A chainmail module design process in Onshape

Then I printed it with this parameters Quality: Standard (0.2mm) | Walls Line Count: 3 | Top Thickness/Top Layers: 0.8mm/4 | Bottom Thickness/Bottom Layers: 0.8mm/4 | Infill: 20% | Printing Temperature: 200°C | Build Plate Temperature: 60°C | First 5 Layers Speed: 15mm/s | Rest of Layers Speed: 60mm/s | Adhesion Build Plate: Raft. This module took 10 minutes to be printed.

3D printing a chainmail module with raft plate adhesion

Bigger Area Chainmail

After checking that the module was well printed, I continued with a larger area from that piece.

Larger chainmail area in Onshape

Chainmail design in Onshape

I used the same parameters before used for printing this larger chainmail area Quality: Standard (0.2mm) | Walls Line Count: 3 | Top Thickness/Top Layers: 0.8mm/4 | Bottom Thickness/Bottom Layers: 0.8mm/4 | Infill: 20% | Printing Temperature: 200°C | Build Plate Temperature: 60°C | First 5 Layers Speed: 15mm/s | Rest of Layers Speed: 60mm/s | Adhesion Build Plate: Raft

3D printing a bigger chainmail area with raft plate adhesion

Finally, the result was amazing:

PLA chainmail

PLA chainmail top view

Designing this chainmail was easy once I knew the parameters I can work with on my printer. Furthermore, the possibility of modifying the measurements as it is a parametric file allows me to test and modify as a prototype is manufactured. In this case, I only had to make two versions to reach the final result.

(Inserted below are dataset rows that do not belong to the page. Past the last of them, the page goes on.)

lemma continuous_map_ext_mult:
  "continuous_map (prod_topology ext_topology ext_topology) ext_topology (\<lambda>(a, b). ext_mult a b)"
  unfolding continuous_map_def
proof (intro conjI allI impI)
  show "(\<lambda>(a, b). ext_mult a b) \<in> topspace (prod_topology ext_topology ext_topology) \<rightarrow>
      topspace ext_topology"
    by (auto simp: topspace_ext_topology ext_mult_in_carrier)
next
  fix W assume "openin ext_topology W"
  then have W: "ext_open W" by (simp add: openin_ext_topology)
  show "openin (prod_topology ext_topology ext_topology)
      {z \<in> topspace (prod_topology ext_topology ext_topology). (case z of (a, b) \<Rightarrow> ext_mult a b) \<in> W}"
    (is "openin _ ?P")
    unfolding openin_prod_topology_alt
  proof (intro allI impI)
    fix a b assume "(a, b) \<in> ?P"
    then have "a \<in> ext_carrier" "b \<in> ext_carrier" "ext_mult a b \<in> W"
      by (auto simp: topspace_ext_topology)
    then obtain U V where UV: "ext_open U" "ext_open V" "a \<in> U" "b \<in> V"
      "\<forall>a'\<in>U. \<forall>b'\<in>V. ext_mult a' b' \<in> W"
      using ext_mult_continuous_at[OF _ _ W] by blast
    then have "U \<times> V \<subseteq> ?P" by (auto simp: topspace_ext_topology ext_open_def)
    then show "\<exists>U V. openin ext_topology U \<and> openin ext_topology V \<and> a \<in> U \<and> b \<in> V \<and> U \<times> V \<subseteq> ?P"
      using UV by (auto simp: openin_ext_topology)
  qed
qed
(* Let $n\in\mathbb{Z}^+$, $v\in\mathbb{N}$ and $z\in\mathbb{Z}\setminus\{0,-1\}$. Define $c_0=\tilde c_0=1$ and, for $v\ge 1$, recursively $$c_v=\frac{1}{z}\sum_{j=1}^{v}e_j^{(2v-1)}c_{v-j},\qquad \tilde c_v=-\frac{1}{z+1}\sum_{j=1}^{v}e_j^{(2v-1)}\tilde c_{v-j}.$$ Then $c_v\in z^{-v}\mathbb{Z}[z]$ and $\tilde c_v\in (z+1)^{-v}\mathbb{Z}[z]$. Moreover, if $\gcd(n,2z)=1$ then $$\sum_{k=0}^{n-1}(2k+1)^{2v}D_k(z)\equiv c_v\sum_{k=0}^{n-1}D_k(z)\pmod n,$$ and if $\gcd(n,2(z+1))=1$ then $$\sum_{k=0}^{n-1}(-1)^k(2k+1)^{2v}D_k(z)\equiv \tilde c_v\sum_{k=0}^{n-1}(-1)^kD_k(z)\pmod n.$$
   Context: The Delannoy polynomials are $D_n(z)=\sum_{k=0}^{n}\binom{n}{k}\binom{n+k}{k}z^k$ for $n\in\mathbb{N}$. For $s\in\mathbb{N}$ and $j=1,2,\dots,\lfloor (s+1)/2\rfloor$, set $e_j^{(s)}=\binom{s}{2j}2^{2j-1}+\binom{s}{2j-1}2^{2j-2}\in\mathbb{Z}$. Congruences involving rational numbers are understood in the usual way: for a rational $a/b$ with $\gcd(b,n)=1$, $a/b\equiv c\pmod n$ means $a\equiv bc\pmod n$ (here the denominators of $c_v$, resp. $\tilde c_v$, evaluated at the integer $z$, divide a power of $z$, resp. $z+1$, hence are coprime to $n$ under the stated hypotheses). *)

theory Defs
  imports Complex_Main "HOL-Computational_Algebra.Polynomial" "HOL-Number_Theory.Number_Theory"
begin

definition delannoy :: "nat \<Rightarrow> int \<Rightarrow> int" where
  "delannoy n z = (\<Sum>k=0..n. int (n choose k) * int ((n + k) choose k) * z ^ k)"

definition ecoef :: "nat \<Rightarrow> nat \<Rightarrow> int" where
  "ecoef s j = int (s choose (2*j)) * 2 ^ (2*j - 1) + int (s choose (2*j - 1)) * 2 ^ (2*j - 2)"

fun cseq :: "rat \<Rightarrow> nat \<Rightarrow> rat" where
  "cseq z 0 = 1"
| "cseq z (Suc m) = (1 / z) *
     (\<Sum>j\<in>{1..Suc m}. of_int (ecoef (2 * Suc m - 1) j) * cseq z (Suc m - j))"

fun ctseq :: "rat \<Rightarrow> nat \<Rightarrow> rat" where
  "ctseq z 0 = 1"
| "ctseq z (Suc m) = - (1 / (z + 1)) *
     (\<Sum>j\<in>{1..Suc m}. of_int (ecoef (2 * Suc m - 1) j) * ctseq z (Suc m - j))"

text \<open>Congruence of rationals modulo an integer n: x == y (mod n) iff
  b*(x - y) is an integer divisible by n for some b coprime to n
  (equivalently: the reduced denominator of x - y is coprime to n and n divides its numerator).\<close>
definition rat_cong :: "rat \<Rightarrow> rat \<Rightarrow> int \<Rightarrow> bool" where
  "rat_cong x y n \<longleftrightarrow> (\<exists>b a :: int. coprime b n \<and> of_int b * (x - y) = of_int a \<and> n dvd a)"
definition interior :: "'a set \<Rightarrow> ('a \<Rightarrow> 'a \<Rightarrow> bool) \<Rightarrow> ('a \<Rightarrow> real) \<Rightarrow> real \<Rightarrow> 'a \<Rightarrow> 'a set" where
  "interior V E \<theta> \<phi> i = reached_pos V E \<theta> \<phi> {i}"

definition boundary :: "'a set \<Rightarrow> ('a \<Rightarrow> 'a \<Rightarrow> bool) \<Rightarrow> ('a \<Rightarrow> real) \<Rightarrow> real \<Rightarrow> 'a \<Rightarrow> 'a set" where
  "boundary V E \<theta> \<phi> i = reached_neg V E \<theta> \<phi> {i}"

definition canonical_reps :: "'a set \<Rightarrow> ('a \<Rightarrow> 'a \<Rightarrow> bool) \<Rightarrow> ('a \<Rightarrow> real) \<Rightarrow> real \<Rightarrow> 'a set \<Rightarrow> bool" where
  "canonical_reps V E \<theta> \<phi> A \<longleftrightarrow> A \<subseteq> {i\<in>V. accepting \<theta> \<phi> i} \<and>
     (\<forall>i\<in>V. accepting \<theta> \<phi> i \<longrightarrow> (\<exists>!a. a \<in> A \<and> cluster V E \<theta> \<phi> a = cluster V E \<theta> \<phi> i))"

definition Rset :: "'a set \<Rightarrow> ('a \<Rightarrow> 'a \<Rightarrow> bool) \<Rightarrow> ('a \<Rightarrow> real) \<Rightarrow> real \<Rightarrow> 'a set" where
  "Rset V E \<theta> \<phi> = (\<Union>i\<in>{i\<in>V. accepting \<theta> \<phi> i}. boundary V E \<theta> \<phi> i)"

datatype 'a fnode = Src | Snk | Ag 'a

definition net_nodes :: "'a set \<Rightarrow> ('a \<Rightarrow> 'a \<Rightarrow> bool) \<Rightarrow> ('a \<Rightarrow> real) \<Rightarrow> real \<Rightarrow> 'a set \<Rightarrow> 'a fnode set" where
  "net_nodes V E \<theta> \<phi> A = {Src, Snk} \<union> Ag ` A \<union> Ag ` Rset V E \<theta> \<phi>"

text \<open>Capacity of the directed edge u -> v in G_N (0 if there is no such edge).\<close>
fun net_cap :: "'a set \<Rightarrow> ('a \<Rightarrow> 'a \<Rightarrow> bool) \<Rightarrow> ('a \<Rightarrow> real) \<Rightarrow> real \<Rightarrow> real \<Rightarrow> real \<Rightarrow> 'a set
    \<Rightarrow> 'a fnode \<Rightarrow> 'a fnode \<Rightarrow> ereal" where
  "net_cap V E \<theta> \<phi> p q A Src (Ag a) =
     (if a \<in> A then ereal (p * real (card (interior V E \<theta> \<phi> a))) else 0)"
| "net_cap V E \<theta> \<phi> p q A (Ag r) Snk = (if r \<in> Rset V E \<theta> \<phi> then ereal q else 0)"
| "net_cap V E \<theta> \<phi> p q A (Ag a) (Ag r) =
     (if a \<in> A \<and> r \<in> boundary V E \<theta> \<phi> a then \<infinity> else 0)"
| "net_cap V E \<theta> \<phi> p q A u v = 0"

definition is_st_cut :: "'a set \<Rightarrow> ('a \<Rightarrow> 'a \<Rightarrow> bool) \<Rightarrow> ('a \<Rightarrow> real) \<Rightarrow> real \<Rightarrow> 'a set \<Rightarrow> 'a fnode set \<Rightarrow> bool" where
  "is_st_cut V E \<theta> \<phi> A X \<longleftrightarrow> X \<subseteq> net_nodes V E \<theta> \<phi> A \<and> Src \<in> X \<and> Snk \<notin> X"

definition cut_value :: "'a set \<Rightarrow> ('a \<Rightarrow> 'a \<Rightarrow> bool) \<Rightarrow> ('a \<Rightarrow> real) \<Rightarrow> real \<Rightarrow> real \<Rightarrow> real \<Rightarrow> 'a set
    \<Rightarrow> 'a fnode set \<Rightarrow> ereal" where
  "cut_value V E \<theta> \<phi> p q A X =
     (\<Sum>u\<in>X. \<Sum>v\<in>net_nodes V E \<theta> \<phi> A - X. net_cap V E \<theta> \<phi> p q A u v)"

Individual Assignment: 3D Scan

As for the 3d scanning, before this assignment I have used some photogrammetry to obtain models, but until now I have not had good results. I think it happened because I hadn't analyzed the conditions of the shots I took at that time. This week, I was able to see improvements as these conditions improved.

For this assignment, I used the Polycam application on my phone. Polycam is a 3D scanning app for iOS, web and Android. I started doing some tests with small elements that didn't turn out so well, mainly because the objects I chose where small and had a lot of tiny details. I also move along them and I figure that condition was not ideal for the modelling.

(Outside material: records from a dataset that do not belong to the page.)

(* Let $E$ be a set and $\mathrm{Dup}(E)$ the free duplicial algebra on $E$. Let $\{E,E\}\subseteq\mathrm{Dup}(E)$ be the smallest subspace containing $E$ and closed under the bracket $\{x,y\}=x\backslash y-x/y$. Then every element of $\mathrm{Dup}(E)$ is a finite linear combination of elements $z_1/z_2/\cdots/z_n$ with $n\ge1$ and $z_1,\dots,z_n\in\{E,E\}$.
   Context: A duplicial algebra over a field $K$ is a vector space $A$ with two bilinear products $/$ and $\backslash$ satisfying $x/(y/z)=(x/y)/z$, $x/(y\backslash z)=(x/y)\backslash z$ and $x\backslash(y\backslash z)=(x\backslash y)\backslash z$ for all $x,y,z\in A$. $\mathrm{Dup}(E)$ is the free duplicial algebra generated by the set $E$ (it can be realized on planar binary rooted trees with internal vertices coloured by $E$). The product $/$ is associative, so iterated products $z_1/\cdots/z_n$ are unambiguous. *)

theory Defs
  imports "HOL-Library.Poly_Mapping"
begin

text \<open>Planar binary rooted trees whose internal vertices are coloured by elements of type 'e.
  Leaf is the tree without internal vertex (not part of the basis of Dup(E)).\<close>
datatype 'e pbtree = Leaf | Node "'e pbtree" 'e "'e pbtree"

fun over_tree :: "'e pbtree \<Rightarrow> 'e pbtree \<Rightarrow> 'e pbtree" where
  "over_tree x Leaf = x"
| "over_tree x (Node l e r) = Node (over_tree x l) e r"

fun under_tree :: "'e pbtree \<Rightarrow> 'e pbtree \<Rightarrow> 'e pbtree" where
  "under_tree Leaf y = y"
| "under_tree (Node l e r) y = Node l e (under_tree r y)"

type_synonym ('e,'k) vec = "'e pbtree \<Rightarrow>\<^sub>0 'k"

definition scal :: "'k::field \<Rightarrow> ('e,'k) vec \<Rightarrow> ('e,'k) vec" where
  "scal c f = Poly_Mapping.map (\<lambda>x. c * x) f"

definition bilin :: "('e pbtree \<Rightarrow> 'e pbtree \<Rightarrow> 'e pbtree)
    \<Rightarrow> ('e,'k::field) vec \<Rightarrow> ('e,'k) vec \<Rightarrow> ('e,'k) vec" where
  "bilin op f g = (\<Sum>a\<in>Poly_Mapping.keys f. \<Sum>b\<in>Poly_Mapping.keys g.
      Poly_Mapping.single (op a b) (Poly_Mapping.lookup f a * Poly_Mapping.lookup g b))"

definition dup_over :: "('e,'k::field) vec \<Rightarrow> ('e,'k) vec \<Rightarrow> ('e,'k) vec" where
  "dup_over = bilin over_tree"

definition dup_under :: "('e,'k::field) vec \<Rightarrow> ('e,'k) vec \<Rightarrow> ('e,'k) vec" where
  "dup_under = bilin under_tree"

definition Dup :: "'e set \<Rightarrow> ('e,'k::field) vec set" where
  "Dup E = {f. \<forall>t\<in>Poly_Mapping.keys f. t \<noteq> Leaf \<and> set_pbtree t \<subseteq> E}"

definition gen :: "'e \<Rightarrow> ('e,'k::field) vec" where
  "gen e = Poly_Mapping.single (Node Leaf e Leaf) 1"

definition bracket :: "('e,'k::field) vec \<Rightarrow> ('e,'k) vec \<Rightarrow> ('e,'k) vec" where
  "bracket x y = dup_under x y - dup_over x y"

inductive_set EE :: "'e set \<Rightarrow> ('e,'k::field) vec set" for E where
  gen: "e \<in> E \<Longrightarrow> gen e \<in> EE E"
| zero: "0 \<in> EE E"
| add: "x \<in> EE E \<Longrightarrow> y \<in> EE E \<Longrightarrow> x + y \<in> EE E"
| smult: "x \<in> EE E \<Longrightarrow> scal c x \<in> EE E"
| brk: "x \<in> EE E \<Longrightarrow> y \<in> EE E \<Longrightarrow> bracket x y \<in> EE E"

fun over_list :: "('e,'k::field) vec list \<Rightarrow> ('e,'k) vec" where
  "over_list [] = 0"
| "over_list [z] = z"
| "over_list (z # zs) = dup_over z (over_list zs)"

end

theory Submission
  imports Defs
begin

text \<open>A tree with root colour e and subtrees l, r equals l/(e\r). Let O be the span of the
  monomials z_1/.../z_n with z_i in {E,E}, and U the subspace generated by {E,E} under \.
  By induction on trees, every tree lies in O and in U once O\U \<subseteq> O and O/U \<subseteq> U.
  The duplicial axioms reduce both inclusions to a single factor from {E,E}, where they are
  the definition of the bracket: z\y = {z,y} + z/y and y/x = y\x - {y,x}.\<close>

lemma lookup_scal [simp]: "Poly_Mapping.lookup (scal c f) t = c * Poly_Mapping.lookup f t"
  unfolding scal_def by transfer (simp add: when_def)

lemma keys_scal_subset: "Poly_Mapping.keys (scal c f) \<subseteq> Poly_Mapping.keys f"
  by (auto simp: in_keys_iff)

lemma scal_add: "scal c (f + g) = scal c f + scal c g"
  by (rule poly_mapping_eqI) (simp add: lookup_add distrib_left)

lemma scal_zero [simp]: "scal c 0 = 0"
  by (rule poly_mapping_eqI) simp

lemma scal_one [simp]: "scal 1 f = f"
  by (rule poly_mapping_eqI) simp

lemma scal_scal [simp]: "scal c (scal d f) = scal (c * d) f"
  by (rule poly_mapping_eqI) simp

lemma scal_minus_one: "scal (-1) f = - f"
  by (rule poly_mapping_eqI) simp

lemma scal_single: "scal c (Poly_Mapping.single t d) = Poly_Mapping.single t (c * d)"
  by (rule poly_mapping_eqI) (simp add: lookup_single when_def)

lemma scal_sum: "scal c (sum F S) = (\<Sum>s\<in>S. scal c (F s))"
  by (induction S rule: infinite_finite_induct) (simp_all add: scal_add)

lemma poly_mapping_eq_sum_single:
  "f = (\<Sum>t\<in>Poly_Mapping.keys f. Poly_Mapping.single t (Poly_Mapping.lookup f t))"
proof -
  have "finite T \<Longrightarrow> Poly_Mapping.lookup (\<Sum>t\<in>T. Poly_Mapping.single t (Poly_Mapping.lookup f t)) u
          = (if u \<in> T then Poly_Mapping.lookup f u else 0)" for T u
    by (induction T rule: finite_induct) (auto simp: lookup_single lookup_add when_def)
  then show ?thesis
    by (intro poly_mapping_eqI) (fastforce simp: in_keys_iff)
qed

lemma bilin_eq_sum_supersets:
  assumes "finite A" "finite B" "Poly_Mapping.keys f \<subseteq> A" "Poly_Mapping.keys g \<subseteq> B"
  shows "bilin op f g = (\<Sum>a\<in>A. \<Sum>b\<in>B.
           Poly_Mapping.single (op a b) (Poly_Mapping.lookup f a * Poly_Mapping.lookup g b))"
  unfolding bilin_def
proof (rule sum.mono_neutral_cong_left)
  fix a assume "a \<in> Poly_Mapping.keys f"
  then show "(\<Sum>b\<in>Poly_Mapping.keys g. Poly_Mapping.single (op a b) (Poly_Mapping.lookup f a * Poly_Mapping.lookup g b))
      = (\<Sum>b\<in>B. Poly_Mapping.single (op a b) (Poly_Mapping.lookup f a * Poly_Mapping.lookup g b))"
    using assms by (intro sum.mono_neutral_left) (auto simp: in_keys_iff)
qed (use assms in \<open>auto simp: in_keys_iff\<close>)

Not so good 3D scan of a Xiao microcontroller

Then, checking the aforementioned bad conditions, I scanned a larger object, found a rotating table so that the object and not the camera moves, and placed lighting at various angles to avoid shadowing. As conditions improved, 3D scanning also improved.

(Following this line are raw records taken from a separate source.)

subsection \<open>The weighted Gershgorin bound\<close>

locale max_degree_scaling =
  fixes n k :: nat and E :: "nat set set" and \<alpha> D D' \<delta> :: real and w :: nat
  assumes k_ge_2: "k \<ge> 2" and uniform: "uniform_hypergraph {0..<n} E k"
    and alpha_nonneg: "0 \<le> \<alpha>" and alpha_less_1: "\<alpha> < 1"
    and w_less_n: "w < n" and deg_w: "real (hdeg E w) = D"
    and deg_le: "\<And>i. i < n \<Longrightarrow> i \<noteq> w \<Longrightarrow> real (hdeg E i) \<le> D'"
    and D'_ge_1: "D' \<ge> 1" and D'_le_D: "D' \<le> D"
    and delta_ge_1: "\<delta> \<ge> 1" and hpoly_root: "hpoly \<alpha> k D D' \<delta> = 0"
begin

definition bound :: real where "bound = \<alpha> * D + (1 - \<alpha>) * D / \<delta> ^ (k - 1)"

definition weight :: "nat \<Rightarrow> real" where "weight j = (if j = w then \<delta> else 1)"

definition weighted_link :: "nat \<Rightarrow> real"
  where "weighted_link i = (\<Sum>e\<in>{e\<in>E. i\<in>e}. \<Prod>j\<in>e-{i}. weight j)"

definition scaled_row_sum :: "nat \<Rightarrow> real"
  where "scaled_row_sum i = \<alpha> * real (hdeg E i) + (1 - \<alpha>) * weighted_link i / weight i ^ (k - 1)"

lemma bound_balance: "bound = \<alpha> * D' + (1 - \<alpha>) * D' * \<delta>"
proof -
  define P where "P = \<delta> ^ (k - 1)"
  have P: "P > 0" unfolding P_def using delta_ge_1 by simp
  have "\<delta> ^ k = \<delta> * P" unfolding P_def using k_ge_2 by (cases k) auto
  hence "(1 - \<alpha>) * D' * (\<delta> * P) + \<alpha> * (D' - D) * P - (1 - \<alpha>) * D = 0"
    using hpoly_root unfolding hpoly_def P_def by simp
  moreover have "bound * P = \<alpha> * D * P + (1 - \<alpha>) * D"
    unfolding bound_def P_def[symmetric] using P by (simp add: field_simps)
  ultimately have "bound * P = (\<alpha> * D' + (1 - \<alpha>) * D' * \<delta>) * P" by (simp add: algebra_simps)
  thus ?thesis using P by simp
qed

lemma delta_eq_1_iff: "\<delta> = 1 \<longleftrightarrow> D = D'"
proof
  assume d: "\<delta> = 1"
  have "bound = D" unfolding bound_def using d by (simp add: algebra_simps)
  moreover have "bound = D'" unfolding bound_balance using d by (simp add: algebra_simps)
  ultimately show "D = D'" by simp
next
  assume DD': "D = D'"
  hence "(1 - \<alpha>) * D * (\<delta> ^ k - 1) = 0" using hpoly_root unfolding hpoly_def by (simp add: algebra_simps)
  hence "\<delta> ^ k = 1 ^ k" using alpha_less_1 D'_ge_1 DD' by simp
  moreover have "0 \<le> \<delta>" "0 < k" using delta_ge_1 k_ge_2 by auto
  ultimately show "\<delta> = 1" by (metis power_eq_imp_eq_base zero_le_one)
qed

lemma bound_nonneg: "bound \<ge> 0"
  unfolding bound_def using alpha_nonneg alpha_less_1 D'_ge_1 D'_le_D delta_ge_1 by simp

lemma weight_pos: "weight j > 0"
  using delta_ge_1 by (simp add: weight_def)

lemma weighted_link_w: "weighted_link w = D"
proof -
  have "weighted_link w = (\<Sum>e\<in>{e\<in>E. w\<in>e}. 1)" unfolding weighted_link_def
    by (rule sum.cong[OF refl], rule prod.neutral) (auto simp: weight_def)
  thus ?thesis using deg_w by (simp add: hdeg_def)
qed

lemma weighted_link_other:
  assumes "i \<noteq> w"
  shows "weighted_link i = (\<Sum>e\<in>{e\<in>E. i\<in>e}. if w \<in> e then \<delta> else 1)"
  unfolding weighted_link_def
proof (rule sum.cong[OF refl])
  fix e assume "e \<in> {e\<in>E. i\<in>e}"
  hence fin: "finite (e - {i})" using uniform_hypergraphD(4)[OF uniform] by auto
  have "(\<Prod>j\<in>e-{i}. weight j) = (if w \<in> e - {i} then \<delta> else 1)"
    using prod.delta[OF fin, of w "\<lambda>_. \<delta>"] by (simp add: weight_def)
  thus "(\<Prod>j\<in>e-{i}. weight j) = (if w \<in> e then \<delta> else 1)" using assms by simp
qed

lemma scaled_row_sum_w: "scaled_row_sum w = bound"
  unfolding scaled_row_sum_def bound_def weighted_link_w using deg_w by (simp add: weight_def)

Decorative frog to be 3D scanned


I am happy with the result of this 3D scan. With this exercise I understood that the tool is important and provides both possibilities and limitations. To ensure obtaining a good model, environmental conditions are essential.

Conclusions

  • Studying and knowing the parameters of the 3D printer helps to design with manufacturing in mind, which ensures a good print.
  • Supports should preferably be avoided when printing because they can be difficult to remove or slightly damage the surface of the 3D print.
  • When using photogrammetry to scan in 3D, environmental conditions are essential, as well as choosing a piece large enough to guarantee obtaining a good model.
  • Working as a team in a distributed manner is a concept that the Fab Academy is strengthening in our node.
  • To finish this task I thank my fellow students and tutors, especially Henry Sanchez, Roberto Delgado, Hayashi Mateo, Luis Miguel Rodriguez, Vaneza Caycho, Silvana Espinoza, Cristian Loayza, Franco Yactayo, Hans Moncca, Renso Samaniego, Ronal Vilca, and Jesus Lucero.